Processing Billion-Node Graphs on an Array of Commodity SSDs

Smerity · on May 20, 2015

I cannot recommend FlashGraph strongly enough. FlashGraph was one of the first graph computation engines to enable near trivial analysis of the Web Data Commons Hyperlink Graph - 3.5 billion web pages and 128 billion links.

For smaller graphs, analysis using FlashGraph is hilariously quick.

If you're interested in how this is achieved, refer to [1]. From memory, Da Zheng said he created FlashGraph primarily as he wanted to prove how efficient the storage system was. Full details on the FlashGraph (though FlashGraph runs far faster now!) in the paper at [2].

Note: I'm a data scientist at Common Crawl, the dataset that the Web Data Commons Hyperlink Graph is based upon and the main developer of Flash Graph, Da Zheng, wrote a guest post for us on this very topic[3], so I'm rightfully biased as to thinking this is an amazing project!

[1]: http://www.cs.jhu.edu/~zhengda/sc13.pdf

[2]: https://www.usenix.org/system/files/conference/fast15/fast15...

[3]: http://blog.commoncrawl.org/2015/02/analyzing-a-web-graph-wi...

mrry · on May 20, 2015

An interesting comparison point: a single core on a late-2014 MacBook Pro can achieve runtimes for the same graph that are within a factor of 4 for WCC (461 seconds for FlashGraph versus 1700 seconds for the laptop).

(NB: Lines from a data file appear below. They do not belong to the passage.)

lemma finite_amalgam:
  assumes FA: "finite FA" "FA \<subseteq> defsets S (n + m) A"
    and FB: "finite FB" "FB \<subseteq> defsets S n (univ S)"
  shows "\<exists>\<rho>. fa_prob_on {c \<in> tup S (n + m). set c \<subseteq> M} \<rho> \<and>
     (\<forall>\<alpha>\<in>FA. \<rho> \<alpha> = lam \<alpha>) \<and> (\<forall>D\<in>FB. \<rho> (xcyl S m D) = \<mu> D)"
proof -
  interpret xy: algebra "tup S (n + m)" "defsets S (n + m) A"
    by (rule algebra_defsets)
  interpret x: algebra "tup S n" "defsets S n (univ S)"
    by (rule algebra_defsets)
  define FA' where "FA' = insert (tup S (n + m)) FA"
  have FA': "finite FA'" "FA' \<subseteq> defsets S (n + m) A"
    using FA unfolding FA'_def by auto
  define P where "P = atoms (tup S (n + m)) FA'"
  define Q where "Q = atoms (tup S n) (xproj S n m ` P)"
  define R where "R = atoms (tup S n) FB"
  obtain w c where wc:
    "\<forall>p\<in>P. \<forall>q\<in>Q. \<forall>r\<in>R. 0 \<le> w p q r \<and>
       (w p q r \<noteq> 0 \<longrightarrow> c p q r \<in> p \<inter> xcyl S m r \<and> set (c p q r) \<subseteq> M)"
    "\<forall>p\<in>P. (\<Sum>q\<in>Q. \<Sum>r\<in>R. w p q r) = lam p"
    "\<forall>r\<in>R. (\<Sum>p\<in>P. \<Sum>q\<in>Q. w p q r) = \<mu> r"
    using finite_coupling[OF FA' FB] unfolding P_def Q_def R_def by blast
  define \<rho> where "\<rho> = dirac_comb (P \<times> Q \<times> R) (\<lambda>(p, q, r). w p q r) (\<lambda>(p, q, r). c p q r)"
  have \<rho>_eq: "\<rho> Z = (\<Sum>p\<in>P. \<Sum>q\<in>Q. \<Sum>r\<in>R. if f p q r then w p q r else 0)"
    if "\<And>p q r. p \<in> P \<Longrightarrow> q \<in> Q \<Longrightarrow> r \<in> R \<Longrightarrow> w p q r \<noteq> 0 \<Longrightarrow> c p q r \<in> Z \<longleftrightarrow> f p q r"
    for Z f
    unfolding \<rho>_def dirac_comb_def sum.cartesian_product' using that
    by (intro sum.cong refl) auto
  have \<rho>_lam: "\<rho> \<alpha> = lam \<alpha>" if "\<alpha> \<in> FA'" for \<alpha>
  proof -
    have "\<rho> \<alpha> = (\<Sum>p\<in>P. \<Sum>q\<in>Q. \<Sum>r\<in>R. if p \<subseteq> \<alpha> then w p q r else 0)"
    proof (rule \<rho>_eq)
      fix p q r assume "p \<in> P" "q \<in> Q" "r \<in> R" "w p q r \<noteq> 0"
      then show "c p q r \<in> \<alpha> \<longleftrightarrow> p \<subseteq> \<alpha>"
        using wc(1) atom_subset_or_disjoint[of p _ FA' \<alpha>] that unfolding P_def by blast
    qed
    also have "\<dots> = (\<Sum>p\<in>P. if p \<subseteq> \<alpha> then lam p else 0)"
      using wc(2) by (intro sum.cong refl) auto
    also have "\<dots> = lam \<alpha>"
      using xy.additive_sum_atoms[OF lam_additive FA' that] unfolding P_def by simp
    finally show ?thesis .
  qed
  have \<rho>_\<mu>: "\<rho> (xcyl S m D) = \<mu> D" if "D \<in> FB" for D
  proof -
    have "\<rho> (xcyl S m D) = (\<Sum>p\<in>P. \<Sum>q\<in>Q. \<Sum>r\<in>R. if r \<subseteq> D then w p q r else 0)"
    proof (rule \<rho>_eq)
      fix p q r assume "p \<in> P" "q \<in> Q" "r \<in> R" "w p q r \<noteq> 0"
      then show "c p q r \<in> xcyl S m D \<longleftrightarrow> r \<subseteq> D"
        using wc(1) atoms_subset[of r] atom_subset_or_disjoint[of r _ FB D] that FB(2)
          x.sets_into_space
        unfolding R_def by (intro xcyl_mem_iff_subset[where n = n]) blast+
    qed
    also have "\<dots> = (\<Sum>r\<in>R. \<Sum>p\<in>P. \<Sum>q\<in>Q. if r \<subseteq> D then w p q r else 0)"
      by (simp add: sum.swap[of _ Q R] sum.swap[of _ P R])
    also have "\<dots> = (\<Sum>r\<in>R. if r \<subseteq> D then \<mu> r else 0)"
      using wc(3) by (intro sum.cong refl) auto
    also have "\<dots> = \<mu> D"
      using x.additive_sum_atoms[OF \<mu>_additive FB that] unfolding R_def by simp
    finally show ?thesis .
  qed
  have c_tup: "c p q r \<in> tup S (n + m)" if "p \<in> P" "q \<in> Q" "r \<in> R" "w p q r \<noteq> 0" for p q r
    using wc(1) that atoms_subset[of p "tup S (n + m)" FA'] unfolding P_def by blast
  have "fa_prob_on {c \<in> tup S (n + m). set c \<subseteq> M} \<rho>"
    unfolding \<rho>_def
  proof (rule fa_prob_on_dirac_comb)
    have "finite P" "finite Q" "finite R"
      using FA'(1) FB(1) unfolding P_def Q_def R_def by (auto intro: finite_atoms)
    then show "finite (P \<times> Q \<times> R)"
      by simp
    have "sum (\<lambda>(p, q, r). w p q r) (P \<times> Q \<times> R) = \<rho> (tup S (n + m))"
      using c_tup by (subst \<rho>_eq[where f = "\<lambda>_ _ _. True"]) (auto simp: sum.cartesian_product')
    then show "sum (\<lambda>(p, q, r). w p q r) (P \<times> Q \<times> R) = 1"
      using \<rho>_lam[of "tup S (n + m)"] lam_top unfolding FA'_def by simp
  qed (use wc(1) c_tup in auto)
  then show ?thesis
    using \<rho>_lam \<rho>_\<mu> unfolding FA'_def by blast
qed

http://www.frankmcsherry.org/graph/scalability/cost/2015/02/... (previously on HN: https://news.ycombinator.com/item?id=9001618)

There are also results for PageRank on that graph, which make the difference more pronounced. FlashGraph runs PageRank in 2041 seconds (I'm assuming for 30 iterations, per Section 4 of the paper), whereas the laptop takes 46000 seconds for 20 iterations.

Smerity · on May 20, 2015

Absolutely spot on - between FlashGraph and Frank McSherry's COST work, the two have really pushed the envelope on efficient large scale graph analysis.

Frank McSherry wrote a "call to arms" for the broader graph community at [1]. The main point of interest is that academia generally compared their work with existing distributed graph processing systems, celebrating when any achievements were made, yet not aware of the significant overheads brought on by the distributed approach. Both Frank's work (run on a single laptop) and FlashGraph (run on a single powerful machine) run far faster than the distributed approach and have very few disadvantages.

Note: I'm a data scientist at Common Crawl and Frank's graph computation discussion article was a guest post at our blog.

[1]: http://blog.commoncrawl.org/2015/04/evaluating-graph-computa...

nojvek · on May 20, 2015

I wish there was a deeper technical explanation on how they made such a difference with a layer of file system. Would this also improve relational db perf?

corysama · on May 20, 2015

Searching for "set-associative file system" brings up their publications

http://www.ncbi.nlm.nih.gov/pubmed/24402052

http://www.ncbi.nlm.nih.gov/pmc/articles/PMC3881961/

https://github.com/icoming/FlashGraph

jheriko · on May 20, 2015

i can't help but wonder if this has been tested vs. just letting the os virtualise memory for you... i'm assuming yes.